## What the exercise asks
Using the records below, filter out every line that lacks "equiv" and copy the rest.

## Exercise data
lemma letter_val_inj:
  assumes "fst l \<in> U" and "fst l' \<in> U" and "letter_val G l = letter_val G l'"
  shows "l = l'"
proof (cases l; cases l')
  fix x s y t
  assume l: "l = (x, s)" and l': "l' = (y, t)"
  have x: "x \<in> U" and y: "y \<in> U"
    using assms(1,2) l l' by simp_all
  moreover have "U \<inter> (\<lambda>u. inv u) ` U = {}"
    using alpha_reduced by (simp add: alpha_reduced_def)
  ultimately have not_inv: "x \<noteq> inv y" "y \<noteq> inv x"
    by blast+
  have inv_inj: "inv x = inv y \<Longrightarrow> x = y"
    using x y U_carrier by (metis inv_inv subsetD)
  show ?thesis
    using assms(3) not_inv unfolding l l' letter_val_def
    by (cases s; cases t) (auto dest: inv_inj)
qed

lemma gromov_letter_val_lt:
  assumes "fst l \<in> U" and "fst l' \<in> U" and "l \<noteq> l'"
  shows "gromov (act (letter_val G l) p) (act (letter_val G l') p) p
    < min (dist (act (fst l) p) p) (dist (act (fst l') p) p) / 2 - \<alpha> - 50 * \<delta>"
proof -
  have letters: "letter_val G k \<in> U \<union> (\<lambda>u. inv u) ` U" if "fst k \<in> U" for k :: "'g \<times> bool"
    using that by (simp add: letter_val_def)
  have "letter_val G l \<noteq> letter_val G l'"
    using letter_val_inj[OF assms(1,2)] assms(3) by metis
  with letters[OF assms(1)] letters[OF assms(2)]
  have "gromov (act (letter_val G l) p) (act (letter_val G l') p) p
      < min (dist (act (letter_val G l) p) p) (dist (act (letter_val G l') p) p) / 2 - \<alpha> - 50 * \<delta>"
    by (rule gromov_reduced)
  moreover have "fst l \<in> carrier G" "fst l' \<in> carrier G"
    using assms(1,2) U_carrier by auto
  ultimately show ?thesis
    by (simp add: dist_act_letter_val)
qed

lemma dist_act_letter_gt:
  fixes l :: "'g \<times> bool"
  assumes "fst l \<in> U"
  shows "dist (act (fst l) p) p > 2 * \<alpha> + 100 * \<delta>"
proof -
  have "letter_val G (letter_inv l) = inv (letter_val G l)"
    using assms U_carrier by (auto intro: letter_val_letter_inv)
  then have "gromov (act (letter_val G l) p) (act (inv (letter_val G l)) p) p
      < dist (act (fst l) p) p / 2 - \<alpha> - 50 * \<delta>"
    using gromov_letter_val_lt[of l "letter_inv l"] assms by simp
  then show ?thesis
    using gromov_nonneg[of "act (letter_val G l) p" "act (inv (letter_val G l)) p" p] by linarith
qed

text \<open>The step of the induction along a reduced word: \<open>h\<close> evaluates the prefix before the
  letters \<open>r s\<close>, so \<open>a = h p\<close>, \<open>t = h r p\<close> and \<open>z = h r s p\<close> are three consecutive orbit points.
  Moved back by \<open>(h r)\<^sup>-\<^sup>1\<close>, the Gromov product \<open>(a, z)\<^sub>t\<close> becomes \<open>(r\<^sup>-\<^sup>1 p, s p)\<^sub>p\<close>, which is small
  by the reduction condition.\<close>
lemma gromov_letter_step:
  assumes r: "fst r \<in> U" and s: "fst s \<in> U" and "s \<noteq> letter_inv r" and h: "h \<in> carrier G"
    and prev: "gromov p (act h (act (letter_val G r) p)) (act h p)
                 < dist (act (fst r) p) p / 2 - \<alpha> - 49 * \<delta>"
  defines "t \<equiv> act h (act (letter_val G r) p)"
    and "z \<equiv> act h (act (letter_val G r) (act (letter_val G s) p))"
  shows "gromov p z t < dist (act (fst s) p) p / 2 - \<alpha> - 49 * \<delta>"
    and "dist z p > dist t p + 2 * \<alpha>"
proof -
  define g k a where "g = letter_val G r" and "k = letter_val G s" and "a = act h p"
  have carrier: "fst r \<in> carrier G" "fst s \<in> carrier G" "g \<in> carrier G" "k \<in> carrier G"
    using r s U_carrier by (auto simp: g_def k_def letter_val_closed)
  have a: "a = act h (act g (act (inv g) p))"
    by (simp add: a_def act_act_inv carrier)
  have dist_at: "dist a t = dist (act (fst r) p) p"
    using dist_act_letter_val[of r p] by (simp add: a_def t_def dist_act h dist_commute carrier)
  have dist_zt: "dist z t = dist (act (fst s) p) p"
    by (simp add: z_def t_def dist_act h carrier flip: g_def k_def dist_act_letter_val)
  have "gromov a z t = gromov (act (inv g) p) (act k p) p"
    by (simp add: a z_def t_def gromov_act h carrier flip: g_def k_def)
  also have "\<dots> = gromov (act (letter_val G (letter_inv r)) p) (act k p) p"
    by (simp add: g_def letter_val_letter_inv carrier)
  also have "\<dots> < min (dist a t) (dist z t) / 2 - (\<alpha> + 49 * \<delta>) - \<delta>"
    using gromov_letter_val_lt[of "letter_inv r" s] r s \<open>s \<noteq> letter_inv r\<close>
    by (simp add: k_def dist_at dist_zt)
  finally have turn: "gromov a z t < min (dist a t) (dist z t) / 2 - (\<alpha> + 49 * \<delta>) - \<delta>" .
  have "gromov p t a < dist a t / 2 - (\<alpha> + 49 * \<delta>)"
    using prev dist_at by (simp add: a_def t_def)
  moreover have "\<alpha> + 49 * \<delta> \<ge> 0"
    using alpha_nonneg delta_nonneg by simp
  ultimately have "gromov p z t < dist z t / 2 - (\<alpha> + 49 * \<delta>)"
    and "dist z p > dist t p + 2 * (\<alpha> + 49 * \<delta>)"
    using hyperbolic_gromov_propagate[OF hyperbolic _ _ turn] by blast+
  then show "gromov p z t < dist (act (fst s) p) p / 2 - \<alpha> - 49 * \<delta>"
    and "dist z p > dist t p + 2 * \<alpha>"
    using dist_zt delta_nonneg by simp_all
qed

## Finished exercise
  defines "t \<equiv> act h (act (letter_val G r) p)"
    and "z \<equiv> act h (act (letter_val G r) (act (letter_val G s) p))"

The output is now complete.